Stored items:
(* Let $R$ be a commutative multiplicative hyperring with identity, let $\alpha$ be a good endomorphism of $R$, and let $I$ be a hyperideal of $R$. Then the following are equivalent: - $I$ is $\alpha$-prime; - for all hyperideals $I_1,I_2$ of $R$, $I_1\circ I_2\subseteq I$ implies $I_1\subseteq I$ or $\alpha(I_2)\subseteq I$.
   Context: A multiplicative hyperring is an abelian group $(R,+)$ with a hyperoperation $\circ:R\times R\to \mathcal P^*(R)$ (nonempty subsets) such that $a\circ(b\circ c)=(a\circ b)\circ c$, $a\circ(b+c)\subseteq a\circ b+a\circ c$, $(b+c)\circ a\subseteq b\circ a+c\circ a$, and $a\circ(-b)=(-a)\circ b=-(a\circ b)$. Products of subsets are unions of elementwise products; in particular $I_1\circ I_2=\bigcup_{a\in I_1,b\in I_2}a\circ b$. Commutative means $a\circ b=b\circ a$. An identity $1$ satisfies $a\in 1\circ a$ for all $a$. A hyperideal is a nonempty $I\subseteq R$ closed under subtraction with $r\circ x\subseteq I$ for $r\in R$, $x\in I$. Standing assumption: every hyperideal is a $\mathbf C$-hyperideal, i.e. for every finite product $A=r_1\circ\cdots\circ r_n$, $A\cap I\ne\emptyset$ implies $A\subseteq I$. A good endomorphism $\alpha$ satisfies $\alpha(x+y)=\alpha(x)+\alpha(y)$ and $\alpha(x\circ y)=\alpha(x)\circ\alpha(y)$; it is applied to sets elementwise. A hyperideal $I$ is $\alpha$-prime if for all $x,y$, $x\circ y\subseteq I$ implies $x\in I$ or $\alpha(y)\in I$. *)

theory Defs
  imports Main
begin

definition set_hop :: "('a \<Rightarrow> 'a \<Rightarrow> 'a set) \<Rightarrow> 'a set \<Rightarrow> 'a set \<Rightarrow> 'a set" where
  "set_hop m A B = (\<Union>a\<in>A. \<Union>b\<in>B. m a b)"

definition set_plus :: "'a::ab_group_add set \<Rightarrow> 'a set \<Rightarrow> 'a set" where
  "set_plus A B = {x + y | x y. x \<in> A \<and> y \<in> B}"

definition mult_hyperring :: "('a::ab_group_add \<Rightarrow> 'a \<Rightarrow> 'a set) \<Rightarrow> bool" where
  "mult_hyperring m \<longleftrightarrow>
     (\<forall>a b. m a b \<noteq> {}) \<and>
     (\<forall>a b c. set_hop m {a} (m b c) = set_hop m (m a b) {c}) \<and>
     (\<forall>a b c. m a (b + c) \<subseteq> set_plus (m a b) (m a c)) \<and>
     (\<forall>a b c. m (b + c) a \<subseteq> set_plus (m b a) (m c a)) \<and>
     (\<forall>a b. m a (- b) = uminus ` (m a b) \<and> m (- a) b = uminus ` (m a b))"

definition hcommutative :: "('a \<Rightarrow> 'a \<Rightarrow> 'a set) \<Rightarrow> bool" where
  "hcommutative m \<longleftrightarrow> (\<forall>a b. m a b = m b a)"

definition has_hidentity :: "('a \<Rightarrow> 'a \<Rightarrow> 'a set) \<Rightarrow> 'a \<Rightarrow> bool" where
  "has_hidentity m e \<longleftrightarrow> (\<forall>a. a \<in> m e a)"

definition hyperideal :: "('a::ab_group_add \<Rightarrow> 'a \<Rightarrow> 'a set) \<Rightarrow> 'a set \<Rightarrow> bool" where
  "hyperideal m I \<longleftrightarrow> I \<noteq> {} \<and> (\<forall>x\<in>I. \<forall>y\<in>I. x - y \<in> I) \<and>
     (\<forall>r x. x \<in> I \<longrightarrow> m r x \<subseteq> I)"

fun hprod :: "('a \<Rightarrow> 'a \<Rightarrow> 'a set) \<Rightarrow> 'a list \<Rightarrow> 'a set" where
  "hprod m [] = {}"
| "hprod m [r] = {r}"
| "hprod m (r # rs) = set_hop m {r} (hprod m rs)"

definition C_hyperideal :: "('a::ab_group_add \<Rightarrow> 'a \<Rightarrow> 'a set) \<Rightarrow> 'a set \<Rightarrow> bool" where
  "C_hyperideal m I \<longleftrightarrow> hyperideal m I \<and>
     (\<forall>rs. rs \<noteq> [] \<longrightarrow> hprod m rs \<inter> I \<noteq> {} \<longrightarrow> hprod m rs \<subseteq> I)"

definition good_endo :: "('a::ab_group_add \<Rightarrow> 'a \<Rightarrow> 'a set) \<Rightarrow> ('a \<Rightarrow> 'a) \<Rightarrow> bool" where
  "good_endo m \<alpha> \<longleftrightarrow> (\<forall>x y. \<alpha> (x + y) = \<alpha> x + \<alpha> y) \<and>
     (\<forall>x y. \<alpha> ` (m x y) = m (\<alpha> x) (\<alpha> y))"

definition alpha_prime ::
  "('a::ab_group_add \<Rightarrow> 'a \<Rightarrow> 'a set) \<Rightarrow> ('a \<Rightarrow> 'a) \<Rightarrow> 'a set \<Rightarrow> bool" where
  "alpha_prime m \<alpha> I \<longleftrightarrow> hyperideal m I \<and>
     (\<forall>x y. m x y \<subseteq> I \<longrightarrow> x \<in> I \<or> \<alpha> y \<in> I)"

end

theory Submission
  imports Defs
begin

text \<open>For \<open>x \<circ> y \<subseteq> I\<close>, the residual \<open>I\<^sub>2 = (I : x)\<close> contains \<open>y\<close> and
  \<open>I\<^sub>1 = (I : I\<^sub>2)\<close> contains \<open>x\<close>; both are hyperideals and \<open>I\<^sub>1 \<circ> I\<^sub>2 \<subseteq> I\<close>, so the
  hyperideal condition yields \<open>x \<in> I\<close> or \<open>\<alpha> y \<in> I\<close>.
  Neither direction needs the identity, the \<open>C\<close>-condition or the goodness of \<open>\<alpha>\<close>.\<close>

definition hresidual :: "('a \<Rightarrow> 'a \<Rightarrow> 'a set) \<Rightarrow> 'a set \<Rightarrow> 'a set \<Rightarrow> 'a set" where
  "hresidual m I S = {w. \<forall>z\<in>S. m z w \<subseteq> I}"

lemma set_hop_subset_iff: "set_hop m A B \<subseteq> I \<longleftrightarrow> (\<forall>a\<in>A. \<forall>b\<in>B. m a b \<subseteq> I)"
  unfolding set_hop_def by blast

lemma mult_hyperring_assoc:
  "mult_hyperring m \<Longrightarrow> set_hop m {a} (m b c) = set_hop m (m a b) {c}"
  unfolding mult_hyperring_def by (elim conjE) simp

lemma mult_hyperring_distrib_right:
  "mult_hyperring m \<Longrightarrow> m a (b + c) \<subseteq> set_plus (m a b) (m a c)"
  unfolding mult_hyperring_def by (elim conjE) simp

lemma mult_hyperring_minus_right:
  "mult_hyperring m \<Longrightarrow> m a (- b) = uminus ` m a b"
  unfolding mult_hyperring_def by (elim conjE) simp

lemma hyperideal_diff: "hyperideal m I \<Longrightarrow> a \<in> I \<Longrightarrow> b \<in> I \<Longrightarrow> a - b \<in> I"
  unfolding hyperideal_def by blast

lemma hyperideal_absorb: "hyperideal m I \<Longrightarrow> x \<in> I \<Longrightarrow> m r x \<subseteq> I"
  unfolding hyperideal_def by blast

lemma hop_diff_subset:
  assumes "mult_hyperring m" and "hyperideal m I"
    and "m a b \<subseteq> I" and "m a c \<subseteq> I"
  shows "m a (b - c) \<subseteq> I"
proof
  fix v assume "v \<in> m a (b - c)"
  then have "v \<in> set_plus (m a b) (m a (- c))"
    using mult_hyperring_distrib_right[OF assms(1), of a b "- c"] by auto
  then obtain p q where "v = p - q" "p \<in> m a b" "q \<in> m a c"
    unfolding set_plus_def mult_hyperring_minus_right[OF assms(1)] by force
  with assms(2-4) show "v \<in> I" using hyperideal_diff by blast
qed

lemma hyperideal_hresidual:
  assumes MH: "mult_hyperring m" and comm: "hcommutative m" and HI: "hyperideal m I"
    and nonempty: "hresidual m I S \<noteq> {}"
  shows "hyperideal m (hresidual m I S)"
  unfolding hyperideal_def
proof (intro conjI ballI allI impI)
  show "hresidual m I S \<noteq> {}" by (fact nonempty)
next
  fix a b assume "a \<in> hresidual m I S" "b \<in> hresidual m I S"
  then show "a - b \<in> hresidual m I S"
    using hop_diff_subset[OF MH HI] unfolding hresidual_def by blast
next
  fix r w assume w: "w \<in> hresidual m I S"
  show "m r w \<subseteq> hresidual m I S"
    unfolding hresidual_def
  proof (rule subsetI, rule CollectI, rule ballI)
    fix v z assume v: "v \<in> m r w" and z: "z \<in> S"
    have "m z v \<subseteq> set_hop m {z} (m w r)"
      using v comm unfolding hcommutative_def set_hop_def by blast
    also have "\<dots> = set_hop m (m z w) {r}"
      by (rule mult_hyperring_assoc[OF MH])
    also have "\<dots> \<subseteq> I"
      using w z hyperideal_absorb[OF HI] comm
      unfolding hresidual_def set_hop_def hcommutative_def by blast
    finally show "m z v \<subseteq> I" .
  qed
qed

lemma alpha_prime_hop_hyperideals:
  assumes "alpha_prime m \<alpha> I"
    and "hyperideal m I1" "hyperideal m I2" "set_hop m I1 I2 \<subseteq> I"
  shows "I1 \<subseteq> I \<or> \<alpha> ` I2 \<subseteq> I"
  using assms unfolding alpha_prime_def set_hop_subset_iff by blast

lemma alpha_primeI_hyperideals:
  assumes MH: "mult_hyperring m" and comm: "hcommutative m" and HI: "hyperideal m I"
    and prime: "\<And>I1 I2. hyperideal m I1 \<Longrightarrow> hyperideal m I2 \<Longrightarrow> set_hop m I1 I2 \<subseteq> I
       \<Longrightarrow> I1 \<subseteq> I \<or> \<alpha> ` I2 \<subseteq> I"
  shows "alpha_prime m \<alpha> I"
  unfolding alpha_prime_def
proof (intro conjI allI impI)
  fix x y assume xy: "m x y \<subseteq> I"
  define I2 where "I2 = hresidual m I {x}"
  define I1 where "I1 = hresidual m I I2"
  have commute: "m a b = m b a" for a b
    using comm unfolding hcommutative_def by blast
  have "y \<in> I2" using xy unfolding I2_def hresidual_def by simp
  moreover have "x \<in> I1" using commute unfolding I1_def I2_def hresidual_def by simp
  moreover have "set_hop m I1 I2 \<subseteq> I"
    using commute unfolding set_hop_subset_iff I1_def hresidual_def by blast
  moreover have "hyperideal m I1" "hyperideal m I2"
    using \<open>x \<in> I1\<close> \<open>y \<in> I2\<close> hyperideal_hresidual[OF MH comm HI]
    unfolding I1_def I2_def by blast+
  ultimately show "x \<in> I \<or> \<alpha> y \<in> I" using prime by blast
qed (fact HI)

theorem mainTheorem6:
  fixes m :: "'a::ab_group_add \<Rightarrow> 'a \<Rightarrow> 'a set"
    and \<alpha> :: "'a \<Rightarrow> 'a" and e :: 'a and I :: "'a set"
  assumes "mult_hyperring m"
    and "hcommutative m"
    and "has_hidentity m e"
    and "\<forall>J. hyperideal m J \<longrightarrow> C_hyperideal m J"
    and "good_endo m \<alpha>"
    and "hyperideal m I"
  shows "alpha_prime m \<alpha> I \<longleftrightarrow>
    (\<forall>I1 I2. hyperideal m I1 \<and> hyperideal m I2 \<and> set_hop m I1 I2 \<subseteq> I
       \<longrightarrow> I1 \<subseteq> I \<or> \<alpha> ` I2 \<subseteq> I)"
proof (intro iffI allI impI)
  fix I1 I2
  assume "alpha_prime m \<alpha> I" and "hyperideal m I1 \<and> hyperideal m I2 \<and> set_hop m I1 I2 \<subseteq> I"
  then show "I1 \<subseteq> I \<or> \<alpha> ` I2 \<subseteq> I" using alpha_prime_hop_hyperideals by blast
next
  assume "\<forall>I1 I2. hyperideal m I1 \<and> hyperideal m I2 \<and> set_hop m I1 I2 \<subseteq> I
       \<longrightarrow> I1 \<subseteq> I \<or> \<alpha> ` I2 \<subseteq> I"
  then show "alpha_prime m \<alpha> I"
    using alpha_primeI_hyperideals[OF assms(1,2,6)] by blast
qed

end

- **Problem to work on**
Above are the records. Copy the lines beginning at the one that has "proof (rule subsetI, rule" and ending with the one that has "using comm unfolding", unchanged.

- **Solution below**
  proof (rule subsetI, rule CollectI, rule ballI)
    fix v z assume v: "v \<in> m r w" and z: "z \<in> S"
    have "m z v \<subseteq> set_hop m {z} (m w r)"
      using v comm unfolding hcommutative_def set_hop_def by blast
    also have "\<dots> = set_hop m (m z w) {r}"
      by (rule mult_hyperring_assoc[OF MH])
    also have "\<dots> \<subseteq> I"
      using w z hyperideal_absorb[OF HI] comm
      unfolding hresidual_def set_hop_def hcommutative_def by blast
    finally show "m z v \<subseteq> I" .
  qed
qed

lemma alpha_prime_hop_hyperideals:
  assumes "alpha_prime m \<alpha> I"
    and "hyperideal m I1" "hyperideal m I2" "set_hop m I1 I2 \<subseteq> I"
  shows "I1 \<subseteq> I \<or> \<alpha> ` I2 \<subseteq> I"
  using assms unfolding alpha_prime_def set_hop_subset_iff by blast

lemma alpha_primeI_hyperideals:
  assumes MH: "mult_hyperring m" and comm: "hcommutative m" and HI: "hyperideal m I"
    and prime: "\<And>I1 I2. hyperideal m I1 \<Longrightarrow> hyperideal m I2 \<Longrightarrow> set_hop m I1 I2 \<subseteq> I
       \<Longrightarrow> I1 \<subseteq> I \<or> \<alpha> ` I2 \<subseteq> I"
  shows "alpha_prime m \<alpha> I"
  unfolding alpha_prime_def
proof (intro conjI allI impI)
  fix x y assume xy: "m x y \<subseteq> I"
  define I2 where "I2 = hresidual m I {x}"
  define I1 where "I1 = hresidual m I I2"
  have commute: "m a b = m b a" for a b
    using comm unfolding hcommutative_def by blast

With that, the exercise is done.